OBJECTIVE: To investigate the association of prenatal alcohol exposure with balance in10-year-old children. DESIGN: Population-based prospective longitudinal study. SETTING: Former Avon region of UK (Southwest England). PARTICIPANTS: 6915 children from the Avon Longitudinal Study of Parents and Children who had a balance assessment at age 10 and had data on maternal alcohol consumption. OUTCOME MEASURES: 3 composite balance scores: dynamic balance (beam-walking), static balance eyes open, static balance eyes closed (heel-to-toe balance on a beam and standing on one leg, eyes open or closed). RESULTS: Most mothers (95.5%) consumed no-to-moderate amounts (3-7 glasses/week) of alcohol during pregnancy. Higher total-alcohol consumption was associated with maternal-social advantage, whereas binge drinking (≥4 units/day) and abstinence were associated with maternal social disadvantage. No evidence was found of an adverse effect of maternal-alcohol consumption on childhood balance. Higher maternal-alcohol use during pregnancy was generally associated with better offspring outcomes, with some specific effects appearing strong (static balance eyes open and moderate total alcohol exposure at 18 weeks, adjusted OR 1.23 (95% CI 1.01 to 1.49); static balance eyes closed and moderate total alcohol exposure at 18 weeks, adjusted OR 1.25 (95% CI 1.06 to 1.48). Similar results were found for both paternal and postnatal maternal alcohol exposure.

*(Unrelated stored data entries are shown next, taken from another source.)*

(* Up to shifting and reversing indices, there is exactly one 4-chain having three consecutive equal terms, namely the 4-chain $(u_n)$ with $u_0=u_1=u_2=u_3=-1$ (whose neighbouring terms are $u_{-1}=u_4=1$, $u_{-2}=u_5=-3$, $u_{-3}=u_6=-17$, $u_{-4}=u_7=1541,\dots$).
   Context: A 4-chain is a bi-infinite sequence of integers $(u_n)_{n\in\mathbb Z}$ satisfying $u_{n-1}u_{n+1}=u_n^3+u_n^{f(n)}+1$ for all $n\in\mathbb Z$, where $f(n)=1$ if $n\equiv 0,3\pmod 4$ and $f(n)=2$ if $n\equiv 1,2\pmod 4$. Two 4-chains $(u_n)$, $(v_n)$ are considered the same if there is $k\in\mathbb Z$ with $u_n=v_{k+n}$ for all $n$ or $u_n=v_{k-n}$ for all $n$. *)

theory Defs
  imports Main
begin

definition chain_exp :: "int \<Rightarrow> nat" where
  "chain_exp n = (if n mod 4 = 0 \<or> n mod 4 = 3 then 1 else 2)"

definition four_chain :: "(int \<Rightarrow> int) \<Rightarrow> bool" where
  "four_chain u \<longleftrightarrow>
     (\<forall>n. u (n - 1) * u (n + 1) = u n ^ 3 + u n ^ chain_exp n + 1)"

definition same_chain :: "(int \<Rightarrow> int) \<Rightarrow> (int \<Rightarrow> int) \<Rightarrow> bool" where
  "same_chain u v \<longleftrightarrow>
     (\<exists>k. (\<forall>n. u n = v (k + n)) \<or> (\<forall>n. u n = v (k - n)))"

definition three_consecutive_equal :: "(int \<Rightarrow> int) \<Rightarrow> bool" where
  "three_consecutive_equal u \<longleftrightarrow> (\<exists>m. u m = u (m + 1) \<and> u (m + 1) = u (m + 2))"

end

theory Submission
  imports Defs
begin

text \<open>
  Existence: the recurrence run forward from u(0) = u(1) = -1 stays integral, because with
  x = u(n-1), y = u(n), z = u(n+1) the relation x z = 1 (mod y) together with
  y | x^3 + x^b + 1 forces y | z^3 + z^a + 1 whenever a + b = 3, as y is prime to x.
  Since u(2) = u(3) = -1 as well and the exponent pattern is symmetric under n \<mapsto> 3 - n,
  mirroring the forward half gives a 4-chain.

  Uniqueness: the terms never vanish, so a 4-chain is determined by any two consecutive
  terms. Three equal terms c, c, c force c^2 = c^3 + c^e + 1, whose only integral solution
  is c = -1 with e = 2; this pins down the position modulo 4 up to the reflection.
\<close>

definition chain_rhs :: "int \<Rightarrow> int \<Rightarrow> int" where
  "chain_rhs n x = x ^ 3 + x ^ chain_exp n + 1"

lemma four_chain_iff_chain_rhs:
  "four_chain u \<longleftrightarrow> (\<forall>n. u (n - 1) * u (n + 1) = chain_rhs n (u n))"
  by (simp add: four_chain_def chain_rhs_def)

lemma chain_exp_cases: "chain_exp n = 1 \<or> chain_exp n = 2"
  by (simp add: chain_exp_def)

lemma chain_exp_add_2: "chain_exp n + chain_exp (n + 2) = 3"
  unfolding chain_exp_def by presburger

lemma chain_exp_reflect: "chain_exp (3 - n) = chain_exp n"
  unfolding chain_exp_def by presburger

lemma chain_exp_periodic: "c mod 4 = 0 \<Longrightarrow> chain_exp (n + c) = chain_exp n"
  unfolding chain_exp_def by presburger

lemma chain_exp_eq_2_iff: "chain_exp n = 2 \<longleftrightarrow> n mod 4 = 1 \<or> n mod 4 = 2"
  unfolding chain_exp_def by presburger

lemma int_unit_factor: "(a::int) * b = -1 \<Longrightarrow> a = 1 \<or> a = -1"
  by (auto simp: zmult_eq_neg1_iff)

lemma chain_rhs_nonzero: "chain_rhs n x \<noteq> 0"
proof
  assume h: "chain_rhs n x = 0"
  have "x * (x ^ 2 + x ^ (chain_exp n - 1)) = -1"
    using h chain_exp_cases[of n]
    by (auto simp: chain_rhs_def power2_eq_square power3_eq_cube algebra_simps)
  then have "x = 1 \<or> x = -1" by (rule int_unit_factor)
  with h chain_exp_cases[of n] show False by (auto simp: chain_rhs_def)
qed

lemma chain_rhs_fixed_point:
  assumes "c * c = chain_rhs n c"
  shows "c = -1 \<and> chain_exp n = 2"
proof -
  have "c * (c ^ 2 - c + c ^ (chain_exp n - 1)) = -1"
    using assms chain_exp_cases[of n]
    by (auto simp: chain_rhs_def power2_eq_square power3_eq_cube algebra_simps)
  then have "c = 1 \<or> c = -1" by (rule int_unit_factor)
  with assms chain_exp_cases[of n] show ?thesis by (auto simp: chain_rhs_def)
qed

lemma dvd_complementary_rhs:
  fixes x y z :: int
  assumes xz: "y dvd x * z - 1" and x: "y dvd x ^ 3 + x ^ b + 1"
    and ab: "a + b = 3" "a = 1 \<or> a = 2"
  shows "y dvd z ^ 3 + z ^ a + 1"
proof -
  have "coprime y x"
  proof (rule coprimeI)
    fix d assume "d dvd y" "d dvd x"
    then have "d dvd x * z - (x * z - 1)" using xz by (metis dvd_diff dvd_mult2 dvd_trans)
    then show "is_unit d" by simp
  qed
  obtain e where "x ^ 3 * (z ^ 3 + z ^ a + 1) = (x ^ 3 + x ^ b + 1) + (x * z - 1) * e"
  proof (cases "a = 1")
    case True
    with ab have "x ^ 3 * (z ^ 3 + z ^ a + 1)
        = (x ^ 3 + x ^ b + 1) + (x * z - 1) * ((x * z) ^ 2 + x * z + 1 + x ^ 2)"
      by (simp add: algebra_simps power2_eq_square power3_eq_cube)
    then show ?thesis by (rule that)
  next
    case False
    with ab have "x ^ 3 * (z ^ 3 + z ^ a + 1)
        = (x ^ 3 + x ^ b + 1) + (x * z - 1) * ((x * z) ^ 2 + x * z + 1 + x * (x * z + 1))"
      by (auto simp: algebra_simps power2_eq_square power3_eq_cube)
    then show ?thesis by (rule that)
  qed
  then have "y dvd x ^ 3 * (z ^ 3 + z ^ a + 1)"
    using xz x by simp
  with \<open>coprime y x\<close> show ?thesis by (simp add: coprime_dvd_mult_right_iff)
qed

fun chain_seq :: "nat \<Rightarrow> int" where
  "chain_seq 0 = -1"
| "chain_seq (Suc 0) = -1"
| "chain_seq (Suc (Suc k)) = chain_rhs (int k + 1) (chain_seq (Suc k)) div chain_seq k"

lemma chain_seq_integral:
  "chain_seq k \<noteq> 0 \<and> chain_seq k dvd chain_rhs (int k + 1) (chain_seq (Suc k))
     \<and> chain_seq (Suc k) dvd chain_rhs (int k) (chain_seq k)"
proof (induction k)
  case 0
  then show ?case by simp
next
  case (Suc k)
  define x y z where "x = chain_seq k" and "y = chain_seq (Suc k)" and "z = chain_seq (Suc (Suc k))"
  have xz: "x * z = chain_rhs (int k + 1) y"
    using Suc by (simp add: x_def y_def z_def)
  have "y dvd x * z - 1"
    using xz chain_exp_cases[of "int k + 1"] by (auto simp: chain_rhs_def power3_eq_cube power2_eq_square)
  moreover have "y dvd x ^ 3 + x ^ chain_exp (int k) + 1"
    using Suc by (simp add: x_def y_def chain_rhs_def)
  ultimately have "y dvd z ^ 3 + z ^ chain_exp (int k + 2) + 1"
    by (rule dvd_complementary_rhs) (use chain_exp_add_2[of "int k"] chain_exp_cases[of "int k + 2"] in auto)
  moreover have "int (Suc k) + 1 = int k + 2" by simp
  ultimately have "y dvd chain_rhs (int (Suc k) + 1) z"
    by (simp only: chain_rhs_def)
  moreover have "z dvd chain_rhs (int (Suc k)) y"
    using xz by (metis dvd_triv_right of_nat_Suc add.commute)
  moreover have "y \<noteq> 0"
    using Suc chain_rhs_nonzero[of "int k" x] by (auto simp: x_def y_def)
  ultimately show ?case by (simp add: y_def z_def)
qed

lemma chain_seq_rec: "chain_seq k * chain_seq (Suc (Suc k)) = chain_rhs (int k + 1) (chain_seq (Suc k))"
  using chain_seq_integral[of k] by simp

lemma chain_seq_2_3: "chain_seq 2 = -1" "chain_seq 3 = -1"
  by (simp_all add: numeral_eq_Suc chain_rhs_def chain_exp_def)

definition chain_ref :: "int \<Rightarrow> int" where
  "chain_ref n = (if n \<ge> 0 then chain_seq (nat n) else chain_seq (nat (3 - n)))"

lemma chain_ref_0_3: "chain_ref 0 = -1" "chain_ref 1 = -1" "chain_ref 2 = -1" "chain_ref 3 = -1"
  by (simp_all add: chain_ref_def chain_seq_2_3)

lemma chain_ref_reflect: "chain_ref (3 - n) = chain_ref n"
proof -
  consider "n < 0" | "n > 3" | "n = 0" | "n = 1" | "n = 2" | "n = 3" by linarith
  then show ?thesis by cases (auto simp: chain_ref_def chain_seq_2_3)
qed

lemma chain_ref_rec_pos:
  assumes "n \<ge> 1"
  shows "chain_ref (n - 1) * chain_ref (n + 1) = chain_rhs n (chain_ref n)"
proof -
  obtain k where k: "n = int k + 1"
    using assms by (metis add.commute nat_int_add zle_iff_zadd)
  then have "nat (n + 1) = Suc (Suc k)" "nat n = Suc k" by auto
  with chain_seq_rec[of k] k show ?thesis by (simp add: chain_ref_def)
qed

lemma four_chain_chain_ref: "four_chain chain_ref"
  unfolding four_chain_iff_chain_rhs
proof
  fix n
  show "chain_ref (n - 1) * chain_ref (n + 1) = chain_rhs n (chain_ref n)"
  proof (cases "n \<ge> 1")
    case True
    then show ?thesis by (rule chain_ref_rec_pos)
  next
    case False
    then have "chain_ref (3 - n - 1) * chain_ref (3 - n + 1) = chain_rhs (3 - n) (chain_ref (3 - n))"
      by (intro chain_ref_rec_pos) simp
    moreover have "chain_ref (3 - n - 1) = chain_ref (n + 1)" "chain_ref (3 - n + 1) = chain_ref (n - 1)"
      using chain_ref_reflect[of "n + 1"] chain_ref_reflect[of "n - 1"] by (simp_all add: algebra_simps)
    ultimately show ?thesis
      by (simp add: chain_rhs_def chain_ref_reflect chain_exp_reflect mult.commute)
  qed
qed

lemma four_chain_nonzero:
  assumes "four_chain v"
  shows "v n \<noteq> 0"
proof
  assume "v n = 0"
  moreover have "v n * v (n + 2) = chain_rhs (n + 1) (v (n + 1))"
    using assms unfolding four_chain_iff_chain_rhs by (metis add_diff_cancel_right' add.assoc one_add_one)
  ultimately show False using chain_rhs_nonzero by simp
qed

lemma four_chain_shift:
  assumes "four_chain v" "c mod 4 = 0"
  shows "four_chain (\<lambda>n. v (n + c))"
  unfolding four_chain_iff_chain_rhs
proof
  fix n
  have "v (n + c - 1) * v (n + c + 1) = chain_rhs (n + c) (v (n + c))"
    using assms(1) unfolding four_chain_iff_chain_rhs by blast
  then show "v (n - 1 + c) * v (n + 1 + c) = chain_rhs n (v (n + c))"
    using chain_exp_periodic[OF assms(2), of n] by (simp add: chain_rhs_def algebra_simps)
qed

lemma four_chain_eqI:
  assumes v: "four_chain v" and w: "four_chain w"
    and "v a = w a" and "v (a + 1) = w (a + 1)"
  shows "v n = w n"
proof -
  have rec: "v (i - 1) * v (i + 1) = w (i - 1) * w (i + 1)" if "v i = w i" for i
    using v w that unfolding four_chain_iff_chain_rhs by metis
  have "v n = w n \<and> v (n + 1) = w (n + 1)"
  proof (induction n rule: int_induct[where k = a])
    case base
    then show ?case using assms by simp
  next
    case (step1 i)
    then show ?case
      using rec[of "i + 1"] four_chain_nonzero[OF v, of i] by (simp add: add.assoc)
  next
    case (step2 i)
    then show ?case
      using rec[of i] four_chain_nonzero[OF v, of "i + 1"] by simp
  qed
  then show ?thesis ..
qed

lemma three_consecutive_equal_position:
  assumes "four_chain v" "v m = v (m + 1)" "v (m + 1) = v (m + 2)"
  shows "v m = -1 \<and> (m mod 4 = 0 \<or> m mod 4 = 1)"
proof -
  have "v (m + 1 - 1) * v (m + 1 + 1) = chain_rhs (m + 1) (v (m + 1))"
    using assms(1) unfolding four_chain_iff_chain_rhs by blast
  then have "v (m + 1) * v (m + 1) = chain_rhs (m + 1) (v (m + 1))"
    using assms(2,3) by (simp add: add.assoc)
  from chain_rhs_fixed_point[OF this] assms(2) show ?thesis
    unfolding chain_exp_eq_2_iff by presburger
qed

lemma same_chain_chain_ref:
  assumes v: "four_chain v" and "v m = -1" "v (m + 1) = -1" and "m mod 4 = 0 \<or> m mod 4 = 1"
  shows "same_chain v chain_ref"
proof -
  define k where "k = (if m mod 4 = 0 then - m else 1 - m)"
  have k: "k mod 4 = 0" "m + k = 0 \<or> m + k = 1"
    using assms(4) unfolding k_def by presburger+
  have "four_chain (\<lambda>n. chain_ref (n + k))"
    using k by (intro four_chain_shift four_chain_chain_ref)
  moreover have "chain_ref (m + k) = -1" "chain_ref (m + 1 + k) = -1"
    using chain_ref_0_3 k(2) by (auto simp: algebra_simps)
  ultimately have "v n = chain_ref (n + k)" for n
    using four_chain_eqI[OF v, of _ m] assms by simp
  then show ?thesis unfolding same_chain_def by (metis add.commute)
qed

theorem mainTheorem8:
  shows "\<exists>u. four_chain u \<and> u 0 = -1 \<and> u 1 = -1 \<and> u 2 = -1 \<and> u 3 = -1 \<and>
           (\<forall>v. four_chain v \<longrightarrow> (three_consecutive_equal v \<longleftrightarrow> same_chain v u))"
proof (intro exI conjI allI impI iffI)
  show "four_chain chain_ref" by (rule four_chain_chain_ref)
  show "chain_ref 0 = -1" "chain_ref 1 = -1" "chain_ref 2 = -1" "chain_ref 3 = -1"
    by (rule chain_ref_0_3)+
  fix v assume v: "four_chain v"
  {
    assume "three_consecutive_equal v"
    then obtain m where "v m = v (m + 1)" "v (m + 1) = v (m + 2)"
      unfolding three_consecutive_equal_def by blast
    with three_consecutive_equal_position[OF v] same_chain_chain_ref[OF v]
    show "same_chain v chain_ref" by metis
  }
  {
    assume "same_chain v chain_ref"
    then obtain k where "(\<forall>n. v n = chain_ref (k + n)) \<or> (\<forall>n. v n = chain_ref (k - n))"
      unfolding same_chain_def by blast
    then have "v (-k) = v (-k + 1) \<and> v (-k + 1) = v (-k + 2)
             \<or> v (k - 2) = v (k - 2 + 1) \<and> v (k - 2 + 1) = v (k - 2 + 2)"
      by (auto simp: chain_ref_0_3)
    then show "three_consecutive_equal v"
      unfolding three_consecutive_equal_def by blast
  }
qed

end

A Mendelian-randomization approach was used to estimate the association between maternal genotype and offspring balance using the non-synonymous variant rs1229984*A (ADH1B) to proxy for lower maternal alcohol consumption; no strong associations were found between this genotype/proxy and offspring balance. CONCLUSIONS: No evidence was found to indicate that moderate maternal alcohol consumption in this population sample had an adverse effect on offspring balance at age 10. An apparent beneficial effect of higher total maternal alcohol consumption on offspring balance appeared likely to reflect residual confounding.